A diffeomorphism is basically a map between manifolds
with the term "manifold" a topological space which is
locally Euclidean. An infinitely differentiable
bijection also with a differentiable inverse.
An "inverse expansion" would be material and radiative
contraction. A type of mathematical "inverse" of spatial expansion.
I figure that both expansion AND inverse expansion ARE
logically valid explanations!
Remember the "T-Duality" of string theory? A type of
isomorphism.
R[1/R]
Really T-Duality says:
R[(L_st)^2]/R
The physics for a circle of radius R is the same for a
circle of radius 1/R .
So a type of diagram for the "self organizing"(self
creating), self containing universe, would be:
{{U}}
Infinity and continuity would be explained as quantum
wavefunction "potential". Discrete finite particles
would be explained as "actualization".
How can the "relativistic effects" be described by
quantum wavefunctions, when the wavefunctions describe
the position and momentum of particles in a backround OF
space?
In quantizing spacetime geometry, we won't get
wavefunctions based on a background space. The space of wavefunctions can be thought of the space of square-integrable wavefunctions over classical configuration space. In ordinary quantum mechanics, configuration space is space itself (i.e.,to describe the configuration of a particle, location in space is specified). In general relativity, there is a more general kind of configuration space: taken to be the space of 3-metrics
("superspace", not to be confused with supersymmetric space) in the geometrodynamics formulation,or the space of connections (of an appropriate gauge group)in the Ashtekar/loop formulation. So the wavefunctions will be functions over these abstract spaces, not space itself-- the wavefunction _defines_ "space itself".
The *process* is the "function of functions".
With flat sheets, foliations of space, or equatorial planes, the light cone cross section corresponding to a circle would be a "rotated" light cone near a massive object. Using abstract generalizations of course!
The two light cones form a relationship, describing degrees of
rotation and circular-elliptic cross sections.
It should be possible to derive a set of equations from these
rotational perspective effects!
Non-Euclidean geometry has great explanatory power, yet there must be a type of "dynamics" involved, possibly related to a type of configuration space or varying density gradients. Static geometry cannot be the whole, complete explanation.
Mathematician Roger Penrose demonstrated how many of the properties of three dimensional space can be created out of networks of spinors, the simplest possible "quantum mechanical objects". These spinors are used to define the two possible values of an electron's spin.
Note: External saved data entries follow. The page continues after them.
lemma circle_angle_exists_unique:
  fixes u e X :: "'a::real_inner"
  assumes "u \<bullet> u = 1" "e \<bullet> e = 1" "u \<bullet> e = 0" "R > 0"
    and X: "X = (X \<bullet> u) *\<^sub>R u + (X \<bullet> e) *\<^sub>R e" and "X \<bullet> X = R\<^sup>2"
  shows "\<exists>!\<theta>. 0 \<le> \<theta> \<and> \<theta> < 2 * pi \<and> X = R *\<^sub>R (cos \<theta> *\<^sub>R u + sin \<theta> *\<^sub>R e)"
proof -
  have "X \<bullet> X = (X \<bullet> u)\<^sup>2 + (X \<bullet> e)\<^sup>2"
    using assms(1-3)
    by (subst (1 2) X) (simp add: inner_add_left inner_add_right inner_commute power2_eq_square)
  then have "(X \<bullet> u)\<^sup>2 + (X \<bullet> e)\<^sup>2 = R\<^sup>2"
    using assms(6) by simp
  then have "(X \<bullet> u / R)\<^sup>2 + (X \<bullet> e / R)\<^sup>2 = 1"
    using assms(4) by (simp add: power_divide field_simps)
  then obtain \<theta> where \<theta>: "0 \<le> \<theta>" "\<theta> < 2 * pi" "X \<bullet> u / R = cos \<theta>" "X \<bullet> e / R = sin \<theta>"
    by (rule sincos_total_2pi)
  have coords: "X \<bullet> u = R * cos \<phi>" "X \<bullet> e = R * sin \<phi>"
    if "X = R *\<^sub>R (cos \<phi> *\<^sub>R u + sin \<phi> *\<^sub>R e)" for \<phi>
    using assms(1-3) by (simp_all add: that inner_add_left inner_commute[of e u])
  have "X \<bullet> u = R * cos \<theta>" "X \<bullet> e = R * sin \<theta>"
    using \<theta>(3,4) assms(4) by (simp_all add: field_simps)
  then have "X = R *\<^sub>R (cos \<theta> *\<^sub>R u + sin \<theta> *\<^sub>R e)"
    by (subst X) (simp add: scaleR_add_right)
  moreover have "\<phi> = \<theta>" if "0 \<le> \<phi>" "\<phi> < 2 * pi" "X = R *\<^sub>R (cos \<phi> *\<^sub>R u + sin \<phi> *\<^sub>R e)" for \<phi>
  proof (rule angle_eq_if_sin_cos_eq)
    show "sin \<phi> = sin \<theta>" "cos \<phi> = cos \<theta>"
      using coords[OF that(3)] \<open>X \<bullet> u = R * cos \<theta>\<close> \<open>X \<bullet> e = R * sin \<theta>\<close> assms(4) by simp_all
  qed (use that \<theta> in auto)
  ultimately show ?thesis
    using \<theta>(1,2) by blast
qed

definition inward_normal :: "real^3 \<Rightarrow> real^3 \<Rightarrow> real^3 \<Rightarrow> real^3" where
  "inward_normal a b c =
     (let w = c - midpoint a b in sgn (w - ((w \<bullet> (b - a)) / ((b - a) \<bullet> (b - a))) *\<^sub>R (b - a)))"

lemma inward_normal_eq:
  fixes a b c :: "real^3"
  defines "E \<equiv> b - a" and "F \<equiv> c - a"
  assumes nondeg: "cross3 E F \<noteq> 0"
  shows "inward_normal a b c = (norm E / norm (cross3 E F)) *\<^sub>R (F - (E \<bullet> F / (E \<bullet> E)) *\<^sub>R E)"
    and "norm (F - (E \<bullet> F / (E \<bullet> E)) *\<^sub>R E) = norm (cross3 E F) / norm E"
proof -
  define w where "w = F - (E \<bullet> F / (E \<bullet> E)) *\<^sub>R E"
  have "E \<noteq> 0"
    using nondeg by auto
  have cm: "c - midpoint a b = F - (1/2) *\<^sub>R E"
    by (simp add: E_def F_def midpoint_def vec_eq_iff algebra_simps)
  have co: "(c - midpoint a b) \<bullet> E / (E \<bullet> E) = E \<bullet> F / (E \<bullet> E) - 1/2"
    using \<open>E \<noteq> 0\<close> by (simp add: cm inner_diff_left inner_diff_right inner_commute field_simps)
  have "(c - midpoint a b) - ((c - midpoint a b) \<bullet> E / (E \<bullet> E)) *\<^sub>R E
      = (F - (1/2) *\<^sub>R E) - (E \<bullet> F / (E \<bullet> E) - 1/2) *\<^sub>R E"
    unfolding co by (simp only: cm)
  also have "\<dots> = w"
    by (simp add: w_def algebra_simps)
  finally have "(c - midpoint a b) - ((c - midpoint a b) \<bullet> E / (E \<bullet> E)) *\<^sub>R E = w" .
  then have u: "inward_normal a b c = sgn w"
    by (simp add: inward_normal_def Let_def E_def[symmetric])
  have "E \<bullet> w = 0" "cross3 E w = cross3 E F"
    using \<open>E \<noteq> 0\<close> by (simp_all add: w_def inner_diff_right cross_mult_right Cross3.right_diff_distrib)
  then have "(norm (cross3 E F))\<^sup>2 = (norm E * norm w)\<^sup>2"
    using norm_cross_dot[of E w] by simp
  then have "norm (cross3 E F) = norm E * norm w"
    using power2_eq_iff_nonneg[of "norm (cross3 E F)" "norm E * norm w"] by simp
  then have nw: "norm w = norm (cross3 E F) / norm E"
    using \<open>E \<noteq> 0\<close> by (simp add: field_simps)
  then show "norm (F - (E \<bullet> F / (E \<bullet> E)) *\<^sub>R E) = norm (cross3 E F) / norm E"
    by (simp add: w_def)
  show "inward_normal a b c = (norm E / norm (cross3 E F)) *\<^sub>R (F - (E \<bullet> F / (E \<bullet> E)) *\<^sub>R E)"
    using nw by (simp add: u sgn_div_norm w_def divide_inverse_commute)
qed
(* Let $R$ be an integral domain and let $A=\mathrm{diag}(\lambda_1,\dots,\lambda_n)\in R^{n\times n}$ be a diagonal matrix. If $A+tI$ has a Smith form over $R[t]$, then every nonzero difference $\lambda_i-\lambda_j$ is a unit of $R$. In particular, for $R=\mathbb{Z}$, a diagonal matrix $A\in\mathbb{Z}^{n\times n}$ has the property that $A+tI$ has a Smith form over $\mathbb{Z}[t]$ if and only if its diagonal entries take at most two distinct values, and, when there are two, they differ by $1$.
   Context: A matrix over a commutative ring $S$ is in Smith form if it is diagonal with diagonal entries $s_1,s_2,\dots$ such that $s_i\mid s_{i+1}$ in $S$; a matrix $B$ has a Smith form over $S$ if $PBQ$ is in Smith form for some invertible matrices $P,Q$ over $S$. *)

theory Defs
  imports "Jordan_Normal_Form.Matrix" "HOL-Computational_Algebra.Polynomial"
begin

definition is_smith_form :: "'a::comm_ring_1 mat \<Rightarrow> bool" where
  "is_smith_form B \<longleftrightarrow> diagonal_mat B \<and>
     (\<forall>i. Suc i < min (dim_row B) (dim_col B) \<longrightarrow> B $$ (i,i) dvd B $$ (Suc i, Suc i))"

definition has_smith_form :: "'a::comm_ring_1 mat \<Rightarrow> bool" where
  "has_smith_form B \<longleftrightarrow> (\<exists>P Q. P \<in> carrier_mat (dim_row B) (dim_row B) \<and>
     Q \<in> carrier_mat (dim_col B) (dim_col B) \<and> invertible_mat P \<and> invertible_mat Q \<and>
     is_smith_form (P * B * Q))"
He then generalized the spinor into a mathematical quantity called a twistor. The mathematics of complex numbers is used, which makes twistors hard to visualize. Geometrically, the notion of a point becomes more complicated, and secondary, defined by a conjunction of many individual twistors. A daunting approach mathematically.
Theoretically speaking, does the "absolute spacetime metric"
exist?...Yes. Relativity does not prove that spacetime geometry is in all respects relative. "All-everything is relative" cannot be true. The overall spacetime structure must be stable and symmetric. The stability and symmetry are ultimately related to the existence of an absolute metric. Absolute relativity.
Time cannot merely be added on to a theory via an assumption as in the ADM formalism, whith Lorentzian manifolds, diffeomorhic to R x S with manifold S reresenting "space" and "t" an element of R representing
time...
phi: M---> R x S
We need not invoke the "lumeniferous aether". The absolute metric must be a type of "meta-relation".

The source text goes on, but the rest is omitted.